Improving Efficiency with a Well Balanced Boiler

by Breana Cronk, IQS Editor

In industrial settings the old adage of all things in moderation is a cliché that often falls on deaf ears. Big industry often means big facilities, big machines and, to be fair, big payoffs. In some areas of industry, however, balance beats out big every time. One such area is that of boilers. While industrial boilers are massive pieces of equipment that sometimes take up an entire room or several, the point of balance comes into play in the efficient operation of these heating giants. Excess air, deposits, blow down and pressure list just a few of the considerations for boilers that should be present only in moderation. Such features are not limited to industrial uses for boilers, but are critical to commercial and domestic air and water heating applications as well.

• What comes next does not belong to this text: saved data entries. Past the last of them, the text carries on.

lemma orbit_conj_action_self: "orbit G (conj_action G) H = {H}"
proof (intro equalityI subsetI)
  fix K assume "K \<in> orbit G (conj_action G) H"
  then obtain g where "g \<in> carrier G" "K = H #> (g \<otimes> \<one> \<otimes> inv g)"
    using orbit_conj_action_rcos[of \<one>] subset by auto
  then show "K \<in> {H}"
    using subset by simp
next
  fix K assume "K \<in> {H}"
  then show "K \<in> orbit G (conj_action G) H"
    using group_action.orbit_refl[OF action_by_conjugation_on_power_set] subset by blast
qed

lemma orbit_conj_action_nontrivial_rcos:
  assumes A: "A \<lhd> G" and y: "y \<in> (\<lambda>a. H #> a) ` A - {H}"
  shows "orbit G (conj_action G) y \<subseteq> (\<lambda>a. H #> a) ` A - {H}"
proof -
  interpret A: normal A G by (rule A)
  interpret conj: group_action G "{K. K \<subseteq> carrier G}" "conj_action G"
    by (rule action_by_conjugation_on_power_set)
  obtain a where a: "a \<in> A" and ya: "y = H #> a"
    using y by blast
  have aG: "a \<in> carrier G"
    by (rule A.mem_carrier[OF a])
  have "orbit G (conj_action G) y \<subseteq> (\<lambda>a. H #> a) ` A"
    unfolding ya orbit_conj_action_rcos[OF aG]
  proof (rule subsetI)
    fix K assume "K \<in> {H #> (g \<otimes> a \<otimes> inv g) | g. g \<in> carrier G}"
    then obtain g where g: "g \<in> carrier G" and K: "K = H #> (g \<otimes> a \<otimes> inv g)"
      by blast
    have "g \<otimes> a \<otimes> inv g \<in> A"
      by (rule A.inv_op_closed2[OF g a])
    then show "K \<in> (\<lambda>a. H #> a) ` A"
      unfolding K by (rule imageI)
  qed
  moreover have "H \<notin> orbit G (conj_action G) y"
  proof
    assume "H \<in> orbit G (conj_action G) y"
    moreover have "y \<in> {K. K \<subseteq> carrier G}"
      using ya aG subset r_coset_subset_G by simp
    ultimately have "y \<in> orbit G (conj_action G) H"
      using conj.orbit_sym subset by simp
    then show False
      using orbit_conj_action_self y by simp
  qed
  ultimately show ?thesis
    by blast
qed

lemma rcos_conj_fixed_imp_center_mod:
  assumes a: "a \<in> carrier G" and fixed: "orbit G (conj_action G) (H #> a) = {H #> a}"
  shows "a \<in> center_mod G H"
proof -
  have "commutator G a g \<in> H" if g: "g \<in> carrier G" for g
  proof (rule commutator_mem_of_rcos_conj_eq[OF a g])
    have "H #> (inv g \<otimes> a \<otimes> inv (inv g)) \<in> {H #> a}"
      unfolding fixed[symmetric] orbit_conj_action_rcos[OF a] using g by blast
    then show "H #> (inv g \<otimes> a \<otimes> g) = H #> a"
      using g by simp
  qed
  then show ?thesis
    using a unfolding center_mod_def by blast
qed

end

lemma (in group) quasi_powerful_commutator:
  assumes qp: "quasi_powerful G p" and x: "x \<in> carrier G" and y: "y \<in> carrier G"
  shows "\<exists>u \<in> pth_powers G p. \<exists>z \<in> center G. commutator G x y = u \<otimes> z"
proof -
  let ?Z = "center G"
  interpret Z: normal ?Z G by (rule center_normal)
  interpret Q: group "G Mod ?Z" by (rule Z.factorgroup_is_group)
  interpret \<pi>: group_hom G "G Mod ?Z" "\<lambda>a. ?Z #> a" by (rule Z.group_hom_rcos)
  have "derived (G Mod ?Z) (carrier (G Mod ?Z)) = (\<lambda>a. ?Z #> a) ` derived G (carrier G)"
    unfolding carrier_FactGroup by (rule \<pi>.derived_img) simp
  then have "(\<lambda>a. ?Z #> a) ` derived G (carrier G) \<subseteq> (\<lambda>a. ?Z #> a) ` pth_powers G p"
    using qp unfolding quasi_powerful_def powerful_def Z.pth_powers_FactGroup by simp
  then have "?Z #> commutator G x y \<in> (\<lambda>a. ?Z #> a) ` pth_powers G p"
    using commutator_mem_derived[OF subgroup_self x y] by blast
  then obtain u where u: "u \<in> pth_powers G p" and eq: "?Z #> commutator G x y = ?Z #> u"
    by (rule imageE)
  have uG: "u \<in> carrier G"
    by (rule subgroup.mem_carrier[OF normal_imp_subgroup[OF pth_powers_normal] u])
  have "?Z #> (commutator G x y \<otimes> inv u) = \<one>\<^bsub>G Mod ?Z\<^esub>"
    using x y uG eq Q.r_inv[of "?Z #> u"] by simp
  then have z: "commutator G x y \<otimes> inv u \<in> ?Z"
    using x y uG Z.rcos_eq_one_iff[of "commutator G x y \<otimes> inv u"] by (simp only:) simp
  have "commutator G x y = (commutator G x y \<otimes> inv u) \<otimes> u"
    using x y uG by (simp add: m_assoc)
  also have "\<dots> = u \<otimes> (commutator G x y \<otimes> inv u)"
    using z uG unfolding center_def by auto
  finally show ?thesis
    using u z by blast
qed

Photo courtesy of Unilux Advanced Manufacturing, LLC.

Often the largest annual consumer of energy in a home or factory, an operating boiler provides warm air and water, as well as aids in the performance of several industrial processes. The many implementations of these systems make them necessary, while the price of such use makes utility and efficiency essential. Moderation is often the key to improved efficiency. While operating air, scale deposits, blow down and pressure are all critical to operations; less is often more as excesses impede operation. To break from the pattern, when it comes to firing the boiler, more is more. Dynamic operation of boilers, or stopping and starting, means that heat is repeatedly lost due to unavoidable purging. Maintaining steady or continuous firing, however, eliminates the purging step and results in less fuel and heat waste. High efficiency boilers, such as condensing boilers balance these necessary features while optimizing waste recovery where possible.

Concerning the source of heat or power, the balance between environmental and economic efficiency is often debated. There are three general options for heating via boilers. Gas boilers burn natural gas to generate heat. Oil boilers use oil to heat water and steam, or the oil itself is the fluid through which heat is spread. Electric boilers as the name would suggest provide heat through the use of electricity rather than fossil fuels. The goal of any boiler is to produce the most heat while consuming the least of whichever resource it operates from. A secondary issue that is of growing concern is the environmental cost of a boiler. While electric boilers have high energy expenditure, they offer clean operation. Gas and oil boilers provide the inverse with lower monetary costs, but higher emissions. With no clear winner, it is important that consumers be informed and able to balance the economic and environmental costs of a boiler.

Photo courtesy of Unilux Advanced Manufacturing, LLC.

Even small changes to the operational features and sources of a boiler can make a large difference. To further the cause, the U.S. Environmental Protection Agency and the U.S. Department of Energy have joined together in the creation of the ENERGY STAR program. Designed to aid consumers in make selecting energy efficient and low-impact products, boilers approved by this program use about 6% less energy than standard models while operating at over 85% fuel efficiency. Although the ENERGY STAR program encourages the use of well balanced boilers specifically because they are environmentally friendly, a balanced boiler is also helpful in balancing the budget.